*WHAT YOU NEED TO DO*. With the first line below as the start and the line containing "Lebesgue measure on" as the end, copy every line between them exactly, ends included.

┄┄┄┄┄┄┄┄┄┄┄┄┄┄┄┄┄┄┄┄

(* Let $c>\frac12$ and $\delta>0$ be fixed. Let $\ell\ge4$ and let $\ell_1,\ell_2,\ell_3,\ell_4$ be positive integers with $\ell_1+\ell_2+\ell_3+\ell_4=\ell$. Then there exist constants $K>0$ and $0<\rho<1$, depending only on $\ell,c,\delta$ (not on $n$), such that for all $n\ge1$ $$V_n^{-2\ell c}\int_{\mathbb R^n}\int_{\mathbb R^n}f^*_{c,\delta}(\mathbf x_1)^{\ell_1}f^*_{c,\delta}(\mathbf x_2)^{\ell_2}f^*_{c,\delta}(\mathbf x_1+\mathbf x_2)^{\ell_3}f^*_{c,\delta}(\mathbf x_1-\mathbf x_2)^{\ell_4}\,d\mathbf x_1\,d\mathbf x_2\le K\rho^n.$$
   Context: $V_n=\pi^{n/2}/\Gamma(\frac n2+1)$ is the volume of the unit ball in $\mathbb R^n$, $R_n(\delta)=(\delta/V_n)^{1/n}$, and $f^*_{c,\delta}:\mathbb R^n\to\mathbb R$ is $f^*_{c,\delta}(\mathbf x)=\big(|\mathbf x|^n+R_n(\delta)^n\big)^{-2c}$ (this is the spherical symmetrization of $\mathbf x\mapsto|\mathbf x|^{-2cn}\mathbf 1_{|\mathbf x|>R_n(\delta)}$). *)

theory Defs
  imports "HOL-Analysis.Analysis" "HOL-Probability.Probability"
begin

text \<open>Points of R^n are modelled as functions nat => real restricted to indices below n;
  Lebesgue measure on R^n is the product measure PiM {..<n} (%_. lborel).\<close>

definition lebesgue_n :: "nat \<Rightarrow> (nat \<Rightarrow> real) measure" where
  "lebesgue_n n = PiM {..<n} (\<lambda>_. lborel)"

definition enorm_n :: "nat \<Rightarrow> (nat \<Rightarrow> real) \<Rightarrow> real" where
  "enorm_n n x = sqrt (\<Sum>i<n. (x i)\<^sup>2)"

definition vadd :: "(nat \<Rightarrow> real) \<Rightarrow> (nat \<Rightarrow> real) \<Rightarrow> nat \<Rightarrow> real" where
  "vadd x y = (\<lambda>i. x i + y i)"

definition vsub :: "(nat \<Rightarrow> real) \<Rightarrow> (nat \<Rightarrow> real) \<Rightarrow> nat \<Rightarrow> real" where
  "vsub x y = (\<lambda>i. x i - y i)"

text \<open>Volume of the unit ball in R^n.\<close>
definition V :: "nat \<Rightarrow> real" where
  "V n = pi powr (real n / 2) / Gamma (real n / 2 + 1)"

definition R :: "nat \<Rightarrow> real \<Rightarrow> real" where
  "R n \<delta> = (\<delta> / V n) powr (1 / real n)"

definition fstar :: "nat \<Rightarrow> real \<Rightarrow> real \<Rightarrow> (nat \<Rightarrow> real) \<Rightarrow> real" where
  "fstar n c \<delta> x = ((enorm_n n x) ^ n + (R n \<delta>) ^ n) powr (-2 * c)"

end

theory Submission
  imports Defs "HOL-Real_Asymp.Real_Asymp"
begin

text \<open>
  After factoring out \<open>V_n^(2c)\<close>, which the normalisation cancels, \<open>f*\<close> becomes the radial
  profile \<open>g(x) = (V_n |x|^n + \<delta>)^(-2c)\<close>, bounded by \<open>\<delta>^(-2c)\<close>. By the parallelogram law
  \<open>max(|x1 + x2|, |x1 - x2|) \<ge> sqrt 2 * min(|x1|, |x2|)\<close>, so the smaller of the two factors at
  \<open>x1 \<plusminus> x2\<close> is at most \<open>g(sqrt 2 x1) + g(sqrt 2 x2)\<close>. Bounding all remaining factors but one
  by \<open>\<delta>^(-2c)\<close> dominates the integrand by a constant times
  \<open>g(x2) g(sqrt 2 x1) + g(x1) g(sqrt 2 x2)\<close>. The layer-cake formula together with the ball
  volume \<open>V_n r^n\<close> gives \<open>\<integral> g(s x) dx \<le> C s^(-n)\<close> with \<open>C\<close> independent of \<open>n\<close>, so the
  double integral is \<open>O(2^(-n/2))\<close>.
\<close>

lemma powr_one_over_power: "0 < a \<Longrightarrow> 1 \<le> n \<Longrightarrow> (a powr (1 / real n)) ^ n = (a::real)"
  by (simp add: powr_realpow[symmetric] powr_powr)

lemma V_eq_unit_ball_vol: "V n = unit_ball_vol (real n)"
  by (simp add: V_def unit_ball_vol_def)

lemma V_pos: "0 < V n"
  by (simp add: V_eq_unit_ball_vol)

lemma enorm_n_nonneg: "0 \<le> enorm_n n x"
  by (simp add: enorm_n_def sum_nonneg)

lemma borel_measurable_enorm_n [measurable]: "enorm_n n \<in> borel_measurable (lebesgue_n n)"
  unfolding enorm_n_def lebesgue_n_def by measurable

lemma sigma_finite_lebesgue_n: "sigma_finite_measure (lebesgue_n n)"
  unfolding lebesgue_n_def
  by (rule product_sigma_finite.sigma_finite)
     (auto simp: product_sigma_finite_def intro: lborel.sigma_finite_measure_axioms)

lemma emeasure_lebesgue_n_enorm_le:
  assumes "0 < r"
  shows "emeasure (lebesgue_n n) {x \<in> space (lebesgue_n n). enorm_n n x \<le> r} = ennreal (V n * r ^ n)"
proof -
  have "{x \<in> space (lebesgue_n n). enorm_n n x \<le> r}
      = {f. sqrt (\<Sum>i\<in>{..<n}. (f i)\<^sup>2) \<le> r} \<inter> space (Pi\<^sub>M {..<n} (\<lambda>_. lborel))"
    by (auto simp: enorm_n_def lebesgue_n_def)
  then show ?thesis
    using emeasure_cball_aux[of "{..<n}" r] assms by (simp add: lebesgue_n_def V_eq_unit_ball_vol)
qed

lemma nn_integral_powr_atLeast:
  fixes q a \<delta> :: real
  assumes q: "1 < q" and a: "0 < a + \<delta>"
  shows "(\<integral>\<^sup>+t. ennreal ((t + \<delta>) powr (-q)) * indicator {a..} t \<partial>lborel)
       = ennreal ((a + \<delta>) powr (1 - q) / (q - 1))"
proof -
  define F where "F t = - ((t + \<delta>) powr (1 - q) / (q - 1))" for t
  have "(\<integral>\<^sup>+t. ennreal ((t + \<delta>) powr (-q)) * indicator {a..} t \<partial>lborel) = 0 - F a"
  proof (rule nn_integral_FTC_atLeast)
    show "(F \<longlongrightarrow> 0) at_top"
      unfolding F_def using q by real_asymp
  next
    fix t assume "a \<le> t"
    then have "0 < t + \<delta>" using a by linarith
    then have "((\<lambda>t. (t + \<delta>) powr (1 - q)) has_real_derivative (1 - q) * (t + \<delta>) powr (-q)) (at t)"
      by (auto intro!: derivative_eq_intros)
    then have "(F has_real_derivative - ((1 - q) * (t + \<delta>) powr (-q) / (q - 1))) (at t)"
      unfolding F_def by (intro DERIV_minus DERIV_cdivide)
    moreover have "- ((1 - q) * (t + \<delta>) powr (-q) / (q - 1)) = (t + \<delta>) powr (-q)"
      using q by (simp add: divide_simps algebra_simps)
    ultimately show "(F has_real_derivative (t + \<delta>) powr (-q)) (at t)"
      by simp
  qed auto
  then show ?thesis by (simp add: F_def)
qed

lemma nn_integral_deriv_powr_atLeast:
  fixes p a \<delta> :: real
  assumes p: "0 < p" and a: "0 < a + \<delta>"
  shows "(\<integral>\<^sup>+t. ennreal (p * (t + \<delta>) powr (-p - 1)) * indicator {a..} t \<partial>lborel)
       = ennreal ((a + \<delta>) powr (-p))"
proof -
  have "(\<integral>\<^sup>+t. ennreal (p * (t + \<delta>) powr (-p - 1)) * indicator {a..} t \<partial>lborel)
      = ennreal p * (\<integral>\<^sup>+t. ennreal ((t + \<delta>) powr (-(p + 1))) * indicator {a..} t \<partial>lborel)"
    using p by (subst nn_integral_cmult[symmetric]) (auto simp: ennreal_mult mult.assoc intro!: nn_integral_cong)
  also have "\<dots> = ennreal p * ennreal ((a + \<delta>) powr (-p) / p)"
    using nn_integral_powr_atLeast[of "p + 1" a \<delta>] p a by simp
  finally show ?thesis
    using p by (simp add: ennreal_mult[symmetric])
qed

┄┄┄┄┄┄┄┄┄┄┄┄┄┄┄┄┄┄┄┄

*TASK SOLUTION*.
(* Let $c>\frac12$ and $\delta>0$ be fixed. Let $\ell\ge4$ and let $\ell_1,\ell_2,\ell_3,\ell_4$ be positive integers with $\ell_1+\ell_2+\ell_3+\ell_4=\ell$. Then there exist constants $K>0$ and $0<\rho<1$, depending only on $\ell,c,\delta$ (not on $n$), such that for all $n\ge1$ $$V_n^{-2\ell c}\int_{\mathbb R^n}\int_{\mathbb R^n}f^*_{c,\delta}(\mathbf x_1)^{\ell_1}f^*_{c,\delta}(\mathbf x_2)^{\ell_2}f^*_{c,\delta}(\mathbf x_1+\mathbf x_2)^{\ell_3}f^*_{c,\delta}(\mathbf x_1-\mathbf x_2)^{\ell_4}\,d\mathbf x_1\,d\mathbf x_2\le K\rho^n.$$
   Context: $V_n=\pi^{n/2}/\Gamma(\frac n2+1)$ is the volume of the unit ball in $\mathbb R^n$, $R_n(\delta)=(\delta/V_n)^{1/n}$, and $f^*_{c,\delta}:\mathbb R^n\to\mathbb R$ is $f^*_{c,\delta}(\mathbf x)=\big(|\mathbf x|^n+R_n(\delta)^n\big)^{-2c}$ (this is the spherical symmetrization of $\mathbf x\mapsto|\mathbf x|^{-2cn}\mathbf 1_{|\mathbf x|>R_n(\delta)}$). *)

theory Defs
  imports "HOL-Analysis.Analysis" "HOL-Probability.Probability"
begin

text \<open>Points of R^n are modelled as functions nat => real restricted to indices below n;
  Lebesgue measure on R^n is the product measure PiM {..<n} (%_. lborel).\<close>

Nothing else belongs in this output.